The question is how to show that $$\binom{n}{k}^{-1}=(n+1)\int_0^1 x^k (1-x)^{n-k} \, dx. $$

To make this self-contained, I'll paste this answer below:

Let's do it somewhat like the way the Rev. Thomas Bayes did it in the 18th century (but I'll phrase it in modern probabilistic terminology).

Suppose $n+1$ independent random variables $X_0,X_1,\ldots,X_n$ are uniformly distributed on the interval $[0,1]$.

Suppose for $i=1,\ldots,n$ (starting with $1$, not with $0$) we have: $$Y_i = \begin{cases} 1 & \text{if }X_i<X_0 \\ 0 & \text{if }X_i>X_0\end{cases}$$

Then $Y_1,\ldots,Y_n$ are conditionally independent given $X_0$, and $\Pr(Y_i=1\mid X_0)= X_0$.
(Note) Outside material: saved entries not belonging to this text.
(* In the Simpler Lazy Set algorithm, for every step $(S,e,T)$ (with $S$ normal) and every address $a$: if $a$ is removed at $S$, then $a$ is removed at $T$.
   Context: Simpler Lazy Set algorithm. Fix a countably infinite set $A$ of addresses with distinguished $\mathsf H,\mathsf T$; $\mathrm{Number}=\mathbb N\cup\{-1,\infty\}$. A state $S$: finite set $\mathrm{Active}^S\subseteq A$, $\mathrm{Next}^S:\mathrm{Active}^S\setminus\{\mathsf T\}\to A$, $\mathrm{Val}^S:\mathrm{Active}^S\to\mathrm{Number}$, and for each process $p$: $PC_p\in\{0,1,2,3.1,3.2,3.3,3.4,3.5\}$, $x_p\in\mathbb N$, $\mathrm{curr}_p\in A$, $\mathrm{status}_p\in\{0,1,f\}$. $S$ is normal if $\mathsf H,\mathsf T$ are active with values $-1,\infty$, other active addresses have values in $\mathbb N$, and for active $a\neq\mathsf T$, $\mathrm{Next}(a)$ is active with $\mathrm{Val}(a)<\mathrm{Val}(\mathrm{Next}(a))$. A path is a sequence $a_1,\dots,a_m$ ($m>1$) of active addresses with $\mathrm{Next}(a_i)=a_{i+1}$; the main branch is the path from $\mathsf H$ to $\mathsf T$. An address is removed at $S$ if it is active in $S$ but not on the main branch of $S$. Steps $(S,e,T)$ of process $p$ on a normal state $S$ (each with a status $\chi(e)$, and some with an address $\mathrm{adr}(e)$): (i) invocation: $PC_p^S=0$, $PC_p^T\in\{1,2,3.1\}$, $x_p^T\in\mathbb N$ arbitrary, nothing else changes; (ii) failure: $PC_p^S\in\{1,2\}$, $PC_p^T=0$, $\chi(e)=f$, nothing else changes; (iii) $\mathrm{AD}(x)$ with $x=x_p$, $PC_p^S=1$, $PC_p^T=0$: let $\mathfrak p$ be the address on the main branch with $\mathrm{Val}(\mathfrak p)<x\le\mathrm{Val}(\mathrm{Next}(\mathfrak p))$; if $\mathrm{Val}(\mathrm{Next}(\mathfrak p))=x$, nothing else changes, $\chi(e)=1$, $\mathrm{adr}(e)=\mathrm{Next}^S(\mathfrak p)$; otherwise choose $a\notin\mathrm{Active}^S$, set $\mathrm{Active}^T=\mathrm{Active}^S\cup\{a\}$, $\mathrm{Val}^T(a)=x$, $\mathrm{Next}^T(\mathfrak p)=a$, $\mathrm{Next}^T(a)=\mathrm{Next}^S(\mathfrak p)$, $\chi(e)=0$, $\mathrm{adr}(e)=a$ ($e$ activates $a$); (iv) $\mathrm{RM}(x)$ with $x=x_p$, $PC_p^S=2$, $PC_p^T=0$: if the main branch contains $cu$ with value $x$ and $pred$ is the main-branch address with $\mathrm{Next}^S(pred)=cu$, then $\mathrm{Next}^T(pred)=\mathrm{Next}^S(cu)$, $\chi(e)=1$, $\mathrm{adr}(e)=cu$; otherwise nothing else changes and $\chi(e)=0$; (v) CONTAINS$(x)$ lines with $x=x_p$, each an atomic step changing only $\mathrm{curr}_p,PC_p,\mathrm{status}_p$: 3.1: $\mathrm{curr}:=\mathsf H$; 3.2/3.3: $\mathrm{curr}:=\mathrm{Next}(\mathrm{curr})$ (read in the current state); 3.4: if $\mathrm{Val}(\mathrm{curr})\ge x$ go to 3.5, else back to 3.3; 3.5: return status $1$ if $\mathrm{Val}(\mathrm{curr})=x$ and $0$ otherwise, $PC_p:=0$. *)

theory Defs
  imports Main
begin

datatype number = NegOne | Nat nat | Infty

fun num_less :: "number \<Rightarrow> number \<Rightarrow> bool" where
  "num_less _ NegOne = False"
| "num_less NegOne _ = True"
| "num_less (Nat m) (Nat n) = (m < n)"
| "num_less (Nat m) Infty = True"
| "num_less Infty _ = False"

definition num_le :: "number \<Rightarrow> number \<Rightarrow> bool" where
  "num_le a b \<longleftrightarrow> num_less a b \<or> a = b"

datatype pcv = P0 | P1 | P2 | P31 | P32 | P33 | P34 | P35

datatype stv = St0 | St1 | Stf

record ('a, 'p) state =
  active :: "'a set"
  nxt    :: "'a \<rightharpoonup> 'a"
  vl     :: "'a \<rightharpoonup> number"
  pc     :: "'p \<Rightarrow> pcv"
  xv     :: "'p \<Rightarrow> nat"
  curr   :: "'p \<Rightarrow> 'a"
  status :: "'p \<Rightarrow> stv"

definition is_state :: "'a \<Rightarrow> ('a, 'p) state \<Rightarrow> bool" where
  "is_state Tl S \<longleftrightarrow> finite (active S) \<and> dom (nxt S) = active S - {Tl}
      \<and> dom (vl S) = active S"

definition normal :: "'a \<Rightarrow> 'a \<Rightarrow> ('a, 'p) state \<Rightarrow> bool" where
  "normal Hd Tl S \<longleftrightarrow>
     Hd \<in> active S \<and> Tl \<in> active S \<and> vl S Hd = Some NegOne \<and> vl S Tl = Some Infty
     \<and> (\<forall>a \<in> active S - {Hd, Tl}. \<exists>n. vl S a = Some (Nat n))
     \<and> (\<forall>a \<in> active S - {Tl}. \<exists>b va vb. nxt S a = Some b \<and> b \<in> active S
            \<and> vl S a = Some va \<and> vl S b = Some vb \<and> num_less va vb)"

definition is_path :: "('a, 'p) state \<Rightarrow> 'a list \<Rightarrow> bool" where
  "is_path S xs \<longleftrightarrow> length xs > 1 \<and> set xs \<subseteq> active S
     \<and> (\<forall>i. Suc i < length xs \<longrightarrow> nxt S (xs ! i) = Some (xs ! Suc i))"

definition on_main :: "'a \<Rightarrow> 'a \<Rightarrow> ('a, 'p) state \<Rightarrow> 'a \<Rightarrow> bool" where
  "on_main Hd Tl S a \<longleftrightarrow>
     (\<exists>xs. is_path S xs \<and> hd xs = Hd \<and> last xs = Tl \<and> a \<in> set xs)"

definition removed :: "'a \<Rightarrow> 'a \<Rightarrow> ('a, 'p) state \<Rightarrow> 'a \<Rightarrow> bool" where
  "removed Hd Tl S a \<longleftrightarrow> a \<in> active S \<and> \<not> on_main Hd Tl S a"

datatype ekind = Invoke | Failure | AddE | RemE | Line pcv

record ('a, 'p) event =
  eproc :: 'p
  ekind :: ekind
  chi   :: stv
  adr   :: "'a option"

definition set_pc :: "'p \<Rightarrow> pcv \<Rightarrow> ('a, 'p) state \<Rightarrow> ('a, 'p) state" where
  "set_pc p v S = S\<lparr>pc := (pc S)(p := v)\<rparr>"

definition step :: "'a \<Rightarrow> 'a \<Rightarrow> ('a, 'p) state \<Rightarrow> ('a, 'p) event \<Rightarrow> ('a, 'p) state \<Rightarrow> bool" where
  "step Hd Tl S e T' \<longleftrightarrow> normal Hd Tl S \<and> (let p = eproc e; x = xv S p in
   (ekind e = Invoke \<and> pc S p = P0 \<and>
      (\<exists>v n. v \<in> {P1, P2, P31} \<and> T' = S\<lparr>pc := (pc S)(p := v), xv := (xv S)(p := n)\<rparr>))
 \<or> (ekind e = Failure \<and> pc S p \<in> {P1, P2} \<and> chi e = Stf \<and> T' = set_pc p P0 S)
 \<or> (ekind e = AddE \<and> pc S p = P1 \<and>
      (\<exists>pp b vp. on_main Hd Tl S pp \<and> pp \<noteq> Tl \<and> nxt S pp = Some b \<and> vl S pp = Some vp
         \<and> num_less vp (Nat x) \<and> (\<exists>vb. vl S b = Some vb \<and> num_le (Nat x) vb) \<and>
         ((vl S b = Some (Nat x) \<and> chi e = St1 \<and> adr e = Some b \<and> T' = set_pc p P0 S)
        \<or> (vl S b \<noteq> Some (Nat x) \<and>
            (\<exists>a. a \<notin> active S \<and> chi e = St0 \<and> adr e = Some a \<and>
               T' = (set_pc p P0 S)\<lparr>active := insert a (active S),
                                    vl := (vl S)(a \<mapsto> Nat x),
                                    nxt := (nxt S)(pp \<mapsto> a, a \<mapsto> b)\<rparr>)))))
 \<or> (ekind e = RemE \<and> pc S p = P2 \<and>
      ((\<exists>cu pred. on_main Hd Tl S cu \<and> vl S cu = Some (Nat x) \<and> on_main Hd Tl S pred
          \<and> nxt S pred = Some cu \<and> chi e = St1 \<and> adr e = Some cu \<and>
          T' = (set_pc p P0 S)\<lparr>nxt := (nxt S)(pred := nxt S cu)\<rparr>)
     \<or> ((\<nexists>cu. on_main Hd Tl S cu \<and> vl S cu = Some (Nat x)) \<and> chi e = St0 \<and>
          T' = set_pc p P0 S)))
 \<or> (ekind e = Line P31 \<and> pc S p = P31 \<and>
      T' = S\<lparr>pc := (pc S)(p := P32), curr := (curr S)(p := Hd)\<rparr>)
 \<or> (ekind e = Line P32 \<and> pc S p = P32 \<and>
      (\<exists>c. (case nxt S (curr S p) of Some c' \<Rightarrow> c = c' | None \<Rightarrow> True) \<and>
         T' = S\<lparr>pc := (pc S)(p := P34), curr := (curr S)(p := c)\<rparr>))
 \<or> (ekind e = Line P33 \<and> pc S p = P33 \<and>
      (\<exists>c. (case nxt S (curr S p) of Some c' \<Rightarrow> c = c' | None \<Rightarrow> True) \<and>
         T' = S\<lparr>pc := (pc S)(p := P34), curr := (curr S)(p := c)\<rparr>))
 \<or> (ekind e = Line P34 \<and> pc S p = P34 \<and>
      (\<exists>v. (case vl S (curr S p) of
               Some w \<Rightarrow> v = (if num_le (Nat x) w then P35 else P33)
             | None \<Rightarrow> v \<in> {P33, P35}) \<and>
         T' = S\<lparr>pc := (pc S)(p := v)\<rparr>))
 \<or> (ekind e = Line P35 \<and> pc S p = P35 \<and>
      (\<exists>s. (case vl S (curr S p) of
               Some w \<Rightarrow> s = (if w = Nat x then St1 else St0)
             | None \<Rightarrow> s \<in> {St0, St1}) \<and>
         T' = S\<lparr>pc := (pc S)(p := P0), status := (status S)(p := s)\<rparr>)))"

end

theory Submission
  imports Defs
begin

text \<open>The addresses on the main branch of \<open>S\<close> form a set closed under \<open>Next\<close>, because the
  tail is the only address without successor. A step changes \<open>Next\<close> only by linking a fresh
  address between two consecutive main-branch addresses, or by redirecting a pointer to a
  main-branch address; in both cases the main-branch addresses of \<open>S\<close>, together with the
  fresh one, stay closed under the new \<open>Next\<close>. Every path from the head in the new state therefore
  stays inside this set, which does not contain an address removed at \<open>S\<close>.\<close>

definition map_closed :: "('a \<rightharpoonup> 'a) \<Rightarrow> 'a set \<Rightarrow> bool" where
  "map_closed f M \<longleftrightarrow> (\<forall>c\<in>M. \<forall>d. f c = Some d \<longrightarrow> d \<in> M)"

lemma map_closed_insert_link:
  assumes "map_closed f M" "p \<in> M" "f p = Some b"
  shows "map_closed (f(p \<mapsto> a, a \<mapsto> b)) (insert a M)"
  using assms unfolding map_closed_def by auto

lemma map_closed_unlink:
  assumes "map_closed f M" "c \<in> M"
  shows "map_closed (f(p := f c)) M"
  using assms unfolding map_closed_def by auto

lemma path_subset_map_closed:
  assumes "is_path S xs" "hd xs \<in> M" "map_closed (nxt S) M"
  shows "set xs \<subseteq> M"
proof -
  have "xs ! i \<in> M" if "i < length xs" for i
    using that
  proof (induction i)
    case 0
    then show ?case using assms(2) by (simp add: hd_conv_nth)
  next
    case (Suc i)
    then show ?case using assms(1,3) unfolding is_path_def map_closed_def by auto
  qed
  then show ?thesis by (auto simp: in_set_conv_nth)
qed

lemma on_main_in_map_closed:
  assumes "on_main Hd Tl S a" "Hd \<in> M" "map_closed (nxt S) M"
  shows "a \<in> M"
  using assms path_subset_map_closed unfolding on_main_def by blast

lemma on_main_Hd:
  assumes "on_main Hd Tl S c"
  shows "on_main Hd Tl S Hd"
  using assms unfolding on_main_def is_path_def by (metis hd_in_set list.size(3) not_less0)

lemma on_main_succ:
  assumes "on_main Hd Tl S c" "nxt S c = Some d" "nxt S Tl = None"
  shows "on_main Hd Tl S d"
proof -
  obtain xs where xs: "is_path S xs" "hd xs = Hd" "last xs = Tl" "c \<in> set xs"
    using assms(1) unfolding on_main_def by blast
  then obtain i where i: "i < length xs" "xs ! i = c" by (auto simp: in_set_conv_nth)
  have "c \<noteq> Tl" using assms(2,3) by auto
  then have "Suc i < length xs"
    using xs(3) i by (metis Suc_lessI diff_Suc_1 last_conv_nth list.size(3) not_less0)
  moreover have "xs ! Suc i = d" using calculation xs(1) i assms(2) unfolding is_path_def by auto
  ultimately show ?thesis using xs(1-3) unfolding on_main_def by (metis nth_mem)
qed

lemma on_main_map_closed:
  assumes "nxt S Tl = None"
  shows "map_closed (nxt S) {c. on_main Hd Tl S c}"
  using assms on_main_succ unfolding map_closed_def by fastforce

lemma on_main_cong:
  assumes "active T = active S" "nxt T = nxt S"
  shows "on_main Hd Tl T = on_main Hd Tl S"
  using assms by (simp add: on_main_def is_path_def fun_eq_iff)

lemma removed_if_map_closed:
  assumes "removed Hd Tl S a" "active S \<subseteq> active T"
    "Hd \<in> M" "map_closed (nxt T) M" "a \<notin> M"
  shows "removed Hd Tl T a"
  using assms on_main_in_map_closed[of Hd Tl T a M] unfolding removed_def by auto

lemma step_heap_cases:
  fixes S T :: "('a, 'p) state" and e :: "('a, 'p) event"
  assumes "step Hd Tl S e T"
  obtains (unchanged) "active T = active S" "nxt T = nxt S"
    | (link) pp b a' where "on_main Hd Tl S pp" "nxt S pp = Some b" "a' \<notin> active S"
        "active T = insert a' (active S)" "nxt T = (nxt S)(pp \<mapsto> a', a' \<mapsto> b)"
    | (unlink) pred cu where "on_main Hd Tl S cu"
        "active T = active S" "nxt T = (nxt S)(pred := nxt S cu)"
proof -
  have "(\<exists>v n. T = S\<lparr>pc := (pc S)(eproc e := v), xv := (xv S)(eproc e := n)\<rparr>)
    \<or> T = set_pc (eproc e) P0 S
    \<or> (\<exists>pp b a'. on_main Hd Tl S pp \<and> nxt S pp = Some b \<and> a' \<notin> active S \<and>
          T = (set_pc (eproc e) P0 S)\<lparr>active := insert a' (active S),
                 vl := (vl S)(a' \<mapsto> Nat (xv S (eproc e))),
                 nxt := (nxt S)(pp \<mapsto> a', a' \<mapsto> b)\<rparr>)
    \<or> (\<exists>cu pred. on_main Hd Tl S cu \<and> on_main Hd Tl S pred \<and> nxt S pred = Some cu \<and>
          T = (set_pc (eproc e) P0 S)\<lparr>nxt := (nxt S)(pred := nxt S cu)\<rparr>)
    \<or> (\<exists>c. T = S\<lparr>pc := (pc S)(eproc e := P32), curr := (curr S)(eproc e := c)\<rparr>)
    \<or> (\<exists>c. T = S\<lparr>pc := (pc S)(eproc e := P34), curr := (curr S)(eproc e := c)\<rparr>)
    \<or> (\<exists>v. T = S\<lparr>pc := (pc S)(eproc e := v)\<rparr>)
    \<or> (\<exists>s. T = S\<lparr>pc := (pc S)(eproc e := P0), status := (status S)(eproc e := s)\<rparr>)"
    using assms unfolding step_def Let_def by (elim conjE disjE exE) blast+
  then show ?thesis
    using that unfolding set_pc_def by (elim disjE exE conjE) simp_all
qed

theorem lemma4p7:
  fixes Hd Tl :: 'a and S T' :: "('a, 'p) state" and e :: "('a, 'p) event" and a :: 'a
  assumes "Hd \<noteq> Tl"
    and "infinite (UNIV :: 'a set)"
    and "is_state Tl S"
    and "normal Hd Tl S"
    and "step Hd Tl S e T'"
    and "removed Hd Tl S a"
  shows "removed Hd Tl T' a"
proof -
  let ?M = "{c. on_main Hd Tl S c}"
  have "nxt S Tl = None" using assms(3) unfolding is_state_def by auto
  then have closed: "map_closed (nxt S) ?M" by (rule on_main_map_closed)
  have a: "a \<notin> ?M" using assms(6) unfolding removed_def by auto
  from assms(5) show ?thesis
  proof (cases rule: step_heap_cases)
    case unchanged
    then show ?thesis using assms(6) on_main_cong[OF unchanged] unfolding removed_def by simp
  next
    case (link pp b a')
    have "map_closed (nxt T') (insert a' ?M)"
      using map_closed_insert_link[OF closed _ link(2)] link(1,5) by simp
    moreover have "Hd \<in> insert a' ?M" using on_main_Hd[OF link(1)] by simp
    moreover have "a \<notin> insert a' ?M" using a link(3) assms(6) unfolding removed_def by auto
    ultimately show ?thesis
      using link(4) by (intro removed_if_map_closed[OF assms(6)]) auto
  next
    case (unlink pred cu)
    have "map_closed (nxt T') ?M"
      using map_closed_unlink[OF closed] unlink(1,3) by simp
    moreover have "Hd \<in> ?M" using on_main_Hd[OF unlink(1)] by simp
    ultimately show ?thesis
      using unlink(2) a by (intro removed_if_map_closed[OF assms(6)]) auto
  qed
qed

end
So $\Pr(Y_1+\cdots+Y_n=k\mid X_0) = \dbinom{n}{k} X_0^k (1-X_0)^{n-k},$ and hence $$\Pr(Y_1+\cdots+Y_n=k) = \mathbb{E}\left(\dbinom{n}{k} X_0^k (1-X_0)^{n-k}\right).$$

This is equal to $$ \int_0^1 \binom nk x^k(1-x)^{n-k}\;dx. $$

But the event is the same as saying that the index $i$ for which $X_i$ is in the $(k+1)$th position when $X_0,X_1,\ldots,X_n$ are sorted into increasing order is $0$.

Since all $n+1$ indices are equally likely to be in that position, this probability is $1/(n+1)$.

Thus $$\int_0^1\binom nk x^k(1-x)^{n-k}\;dx = \frac{1}{n+1}.$$

Answer 2

The Weierstrass approximation theorem says that continuous real-valued functions on the unit interval can be uniformly approximated arbitrarily closely by polynomials. That is, for every continuous function $f:[0,1]\to\mathbb{R}$ and each $\varepsilon>0$, there is a polynomial $p$ such that $|f(x)-p(x)|<\varepsilon$ for all $x\in[0,1]$.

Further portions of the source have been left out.